### Stored data
(* Consider MPI ranks that invoke collective communication through a wrapper which first calls a trivial barrier (MPI\_Barrier() over the participating ranks) and then makes the original MPI collective communication call. For a given invocation of such a wrapper, at any moment one of the following four cases holds: (a) some MPI rank is in the collective communication call, and all other ranks are either in the call or have exited it; (b) some MPI rank is in the collective communication call, no rank has exited it, and every other rank has at least entered the trivial barrier (and possibly proceeded further); (c) some MPI rank is in the trivial barrier and no other rank has exited it (though some may not yet have entered the trivial barrier); (d) either no MPI rank has entered the trivial barrier, or all MPI ranks have exited the MPI collective communication call.
   Context: Events are ordered by Lamport's happens-before relation. Barrier axiom (assumed, applied to the trivial barrier and to the collective call viewed as a synchronization among all participants): for a given invocation of an MPI barrier, it never happens that a rank A exits the barrier before (under happens-before) another participating rank B enters that barrier. *)

theory Defs
  imports Main
begin

(* Every participating rank r performs four events, each occurring at a time
   stamp in a linearly ordered time type 't:
     eb r  : r enters the trivial barrier
     xb r  : r exits  the trivial barrier
     ec r  : r enters the collective call
     xc r  : r exits  the collective call
   A "moment" is a time t; an event e has occurred at moment t iff e <= t. *)

definition happens_before :: "'t::linorder \<Rightarrow> 't \<Rightarrow> bool" where
  "happens_before e1 e2 \<longleftrightarrow> e1 < e2"

definition entered_barrier :: "('r \<Rightarrow> 't::linorder) \<Rightarrow> 't \<Rightarrow> 'r \<Rightarrow> bool" where
  "entered_barrier eb t r \<longleftrightarrow> eb r \<le> t"

definition exited_barrier :: "('r \<Rightarrow> 't::linorder) \<Rightarrow> 't \<Rightarrow> 'r \<Rightarrow> bool" where
  "exited_barrier xb t r \<longleftrightarrow> xb r \<le> t"

definition in_barrier :: "('r \<Rightarrow> 't::linorder) \<Rightarrow> ('r \<Rightarrow> 't) \<Rightarrow> 't \<Rightarrow> 'r \<Rightarrow> bool" where
  "in_barrier eb xb t r \<longleftrightarrow> eb r \<le> t \<and> t < xb r"

(* After leaving the trivial barrier the wrapper proceeds directly into the
   collective call; the rank counts as being "in the collective call" from
   the moment it exits the barrier until it exits the collective call. *)
definition in_collective :: "('r \<Rightarrow> 't::linorder) \<Rightarrow> ('r \<Rightarrow> 't) \<Rightarrow> 't \<Rightarrow> 'r \<Rightarrow> bool" where
  "in_collective xb xc t r \<longleftrightarrow> xb r \<le> t \<and> t < xc r"

definition exited_collective :: "('r \<Rightarrow> 't::linorder) \<Rightarrow> 't \<Rightarrow> 'r \<Rightarrow> bool" where
  "exited_collective xc t r \<longleftrightarrow> xc r \<le> t"

end

theory Submission
  imports Defs
begin

text \<open>The two synchronisations propagate progress from one rank to all others: once some rank has
  exited the trivial barrier, every rank has entered it, and once some rank has exited the
  collective call, every rank has entered the call and so has exited the barrier. A case split on
  whether some rank has exited the collective call, or else the barrier, then yields the four
  cases.\<close>

lemma entered_barrier_if_exited_barrier:
  assumes "\<forall>A\<in>R. \<forall>B\<in>R. \<not> happens_before (xb A) (eb B)"
    and "a \<in> R" "exited_barrier xb t a" "s \<in> R"
  shows "entered_barrier eb t s"
  using assms by (force simp: happens_before_def exited_barrier_def entered_barrier_def)

lemma exited_barrier_if_exited_collective:
  assumes "\<forall>r\<in>R. \<not> happens_before (ec r) (xb r)"
    and "\<forall>A\<in>R. \<forall>B\<in>R. \<not> happens_before (xc A) (ec B)"
    and "a \<in> R" "exited_collective xc t a" "s \<in> R"
  shows "exited_barrier xb t s"
proof -
  have "xb s \<le> ec s" "ec s \<le> xc a"
    using assms by (auto simp: happens_before_def not_less)
  then show ?thesis
    using assms(4) by (simp add: exited_barrier_def exited_collective_def)
qed

lemma in_collective_iff:
  "in_collective xb xc t r \<longleftrightarrow> exited_barrier xb t r \<and> \<not> exited_collective xc t r"
  by (auto simp: in_collective_def exited_barrier_def exited_collective_def)

lemma in_barrier_iff:
  "in_barrier eb xb t r \<longleftrightarrow> entered_barrier eb t r \<and> \<not> exited_barrier xb t r"
  by (auto simp: in_barrier_def entered_barrier_def exited_barrier_def)

theorem lemma2:
  fixes R :: "'r set"
    and eb xb ec xc :: "'r \<Rightarrow> 't::linorder"
    and t :: 't
  assumes program_order:
      "\<forall>r\<in>R. happens_before (eb r) (xb r) \<and> \<not> happens_before (ec r) (xb r)
               \<and> happens_before (ec r) (xc r)"
    and barrier_axiom: "\<forall>A\<in>R. \<forall>B\<in>R. \<not> happens_before (xb A) (eb B)"
    and collective_axiom: "\<forall>A\<in>R. \<forall>B\<in>R. \<not> happens_before (xc A) (ec B)"
  shows
    "(\<exists>r\<in>R. in_collective xb xc t r \<and>
        (\<forall>s\<in>R. s \<noteq> r \<longrightarrow> in_collective xb xc t s \<or> exited_collective xc t s))
   \<or> (\<exists>r\<in>R. in_collective xb xc t r \<and>
        (\<forall>s\<in>R. \<not> exited_collective xc t s) \<and>
        (\<forall>s\<in>R. s \<noteq> r \<longrightarrow> entered_barrier eb t s))
   \<or> (\<exists>r\<in>R. in_barrier eb xb t r \<and>
        (\<forall>s\<in>R. s \<noteq> r \<longrightarrow> \<not> exited_barrier xb t s))
   \<or> ((\<forall>s\<in>R. \<not> entered_barrier eb t s) \<or> (\<forall>s\<in>R. exited_collective xc t s))"
proof -
  have ec_not_before_xb: "\<forall>r\<in>R. \<not> happens_before (ec r) (xb r)"
    using program_order by blast
  consider (collective_exited) a where "a \<in> R" "exited_collective xc t a"
    | (barrier_exited) r where "r \<in> R" "exited_barrier xb t r" "\<forall>s\<in>R. \<not> exited_collective xc t s"
    | (none_exited) "\<forall>s\<in>R. \<not> exited_barrier xb t s"
    by blast
  then show ?thesis
  proof cases
    case collective_exited
    then have "\<forall>s\<in>R. exited_barrier xb t s"
      using exited_barrier_if_exited_collective[OF ec_not_before_xb collective_axiom] by blast
    then show ?thesis
      by (auto simp: in_collective_iff)
  next
    case barrier_exited
    then show ?thesis
      using entered_barrier_if_exited_barrier[OF barrier_axiom] by (auto simp: in_collective_iff)
  next
    case none_exited
    then show ?thesis
      by (auto simp: in_barrier_iff)
  qed
qed

end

### Work to be completed
Each record above is to be restated word for word.

### Exercise output
(* Consider MPI ranks that invoke collective communication through a wrapper which first calls a trivial barrier (MPI\_Barrier() over the participating ranks) and then makes the original MPI collective communication call. For a given invocation of such a wrapper, at any moment one of the following four cases holds: (a) some MPI rank is in the collective communication call, and all other ranks are either in the call or have exited it; (b) some MPI rank is in the collective communication call, no rank has exited it, and every other rank has at least entered the trivial barrier (and possibly proceeded further); (c) some MPI rank is in the trivial barrier and no other rank has exited it (though some may not yet have entered the trivial barrier); (d) either no MPI rank has entered the trivial barrier, or all MPI ranks have exited the MPI collective communication call.
   Context: Events are ordered by Lamport's happens-before relation. Barrier axiom (assumed, applied to the trivial barrier and to the collective call viewed as a synchronization among all participants): for a given invocation of an MPI barrier, it never happens that a rank A exits the barrier before (under happens-before) another participating rank B enters that barrier. *)

theory Defs
  imports Main
begin

(* Every participating rank r performs four events, each occurring at a time
   stamp in a linearly ordered time type 't:
     eb r  : r enters the trivial barrier
     xb r  : r exits  the trivial barrier
     ec r  : r enters the collective call
     xc r  : r exits  the collective call
   A "moment" is a time t; an event e has occurred at moment t iff e <= t. *)

definition happens_before :: "'t::linorder \<Rightarrow> 't \<Rightarrow> bool" where
  "happens_before e1 e2 \<longleftrightarrow> e1 < e2"

definition entered_barrier :: "('r \<Rightarrow> 't::linorder) \<Rightarrow> 't \<Rightarrow> 'r \<Rightarrow> bool" where
  "entered_barrier eb t r \<longleftrightarrow> eb r \<le> t"

definition exited_barrier :: "('r \<Rightarrow> 't::linorder) \<Rightarrow> 't \<Rightarrow> 'r \<Rightarrow> bool" where
  "exited_barrier xb t r \<longleftrightarrow> xb r \<le> t"

definition in_barrier :: "('r \<Rightarrow> 't::linorder) \<Rightarrow> ('r \<Rightarrow> 't) \<Rightarrow> 't \<Rightarrow> 'r \<Rightarrow> bool" where
  "in_barrier eb xb t r \<longleftrightarrow> eb r \<le> t \<and> t < xb r"

(* After leaving the trivial barrier the wrapper proceeds directly into the
   collective call; the rank counts as being "in the collective call" from
   the moment it exits the barrier until it exits the collective call. *)
definition in_collective :: "('r \<Rightarrow> 't::linorder) \<Rightarrow> ('r \<Rightarrow> 't) \<Rightarrow> 't \<Rightarrow> 'r \<Rightarrow> bool" where
  "in_collective xb xc t r \<longleftrightarrow> xb r \<le> t \<and> t < xc r"

definition exited_collective :: "('r \<Rightarrow> 't::linorder) \<Rightarrow> 't \<Rightarrow> 'r \<Rightarrow> bool" where
  "exited_collective xc t r \<longleftrightarrow> xc r \<le> t"

end

theory Submission
  imports Defs
begin

text \<open>The two synchronisations propagate progress from one rank to all others: once some rank has
  exited the trivial barrier, every rank has entered it, and once some rank has exited the
  collective call, every rank has entered the call and so has exited the barrier. A case split on
  whether some rank has exited the collective call, or else the barrier, then yields the four
  cases.\<close>

lemma entered_barrier_if_exited_barrier:
  assumes "\<forall>A\<in>R. \<forall>B\<in>R. \<not> happens_before (xb A) (eb B)"
    and "a \<in> R" "exited_barrier xb t a" "s \<in> R"
  shows "entered_barrier eb t s"
  using assms by (force simp: happens_before_def exited_barrier_def entered_barrier_def)

lemma exited_barrier_if_exited_collective:
  assumes "\<forall>r\<in>R. \<not> happens_before (ec r) (xb r)"
    and "\<forall>A\<in>R. \<forall>B\<in>R. \<not> happens_before (xc A) (ec B)"
    and "a \<in> R" "exited_collective xc t a" "s \<in> R"
  shows "exited_barrier xb t s"
proof -
  have "xb s \<le> ec s" "ec s \<le> xc a"
    using assms by (auto simp: happens_before_def not_less)
  then show ?thesis
    using assms(4) by (simp add: exited_barrier_def exited_collective_def)
qed

lemma in_collective_iff:
  "in_collective xb xc t r \<longleftrightarrow> exited_barrier xb t r \<and> \<not> exited_collective xc t r"
  by (auto simp: in_collective_def exited_barrier_def exited_collective_def)

lemma in_barrier_iff:
  "in_barrier eb xb t r \<longleftrightarrow> entered_barrier eb t r \<and> \<not> exited_barrier xb t r"
  by (auto simp: in_barrier_def entered_barrier_def exited_barrier_def)

theorem lemma2:
  fixes R :: "'r set"
    and eb xb ec xc :: "'r \<Rightarrow> 't::linorder"
    and t :: 't
  assumes program_order:
      "\<forall>r\<in>R. happens_before (eb r) (xb r) \<and> \<not> happens_before (ec r) (xb r)
               \<and> happens_before (ec r) (xc r)"
    and barrier_axiom: "\<forall>A\<in>R. \<forall>B\<in>R. \<not> happens_before (xb A) (eb B)"
    and collective_axiom: "\<forall>A\<in>R. \<forall>B\<in>R. \<not> happens_before (xc A) (ec B)"
  shows
    "(\<exists>r\<in>R. in_collective xb xc t r \<and>
        (\<forall>s\<in>R. s \<noteq> r \<longrightarrow> in_collective xb xc t s \<or> exited_collective xc t s))
   \<or> (\<exists>r\<in>R. in_collective xb xc t r \<and>
        (\<forall>s\<in>R. \<not> exited_collective xc t s) \<and>
        (\<forall>s\<in>R. s \<noteq> r \<longrightarrow> entered_barrier eb t s))
   \<or> (\<exists>r\<in>R. in_barrier eb xb t r \<and>
        (\<forall>s\<in>R. s \<noteq> r \<longrightarrow> \<not> exited_barrier xb t s))
   \<or> ((\<forall>s\<in>R. \<not> entered_barrier eb t s) \<or> (\<forall>s\<in>R. exited_collective xc t s))"
proof -
  have ec_not_before_xb: "\<forall>r\<in>R. \<not> happens_before (ec r) (xb r)"
    using program_order by blast
  consider (collective_exited) a where "a \<in> R" "exited_collective xc t a"
    | (barrier_exited) r where "r \<in> R" "exited_barrier xb t r" "\<forall>s\<in>R. \<not> exited_collective xc t s"
    | (none_exited) "\<forall>s\<in>R. \<not> exited_barrier xb t s"
    by blast
  then show ?thesis
  proof cases
    case collective_exited
    then have "\<forall>s\<in>R. exited_barrier xb t s"
      using exited_barrier_if_exited_collective[OF ec_not_before_xb collective_axiom] by blast
    then show ?thesis
      by (auto simp: in_collective_iff)
  next
    case barrier_exited
    then show ?thesis
      using entered_barrier_if_exited_barrier[OF barrier_axiom] by (auto simp: in_collective_iff)
  next
    case none_exited
    then show ?thesis
      by (auto simp: in_barrier_iff)
  qed
qed

end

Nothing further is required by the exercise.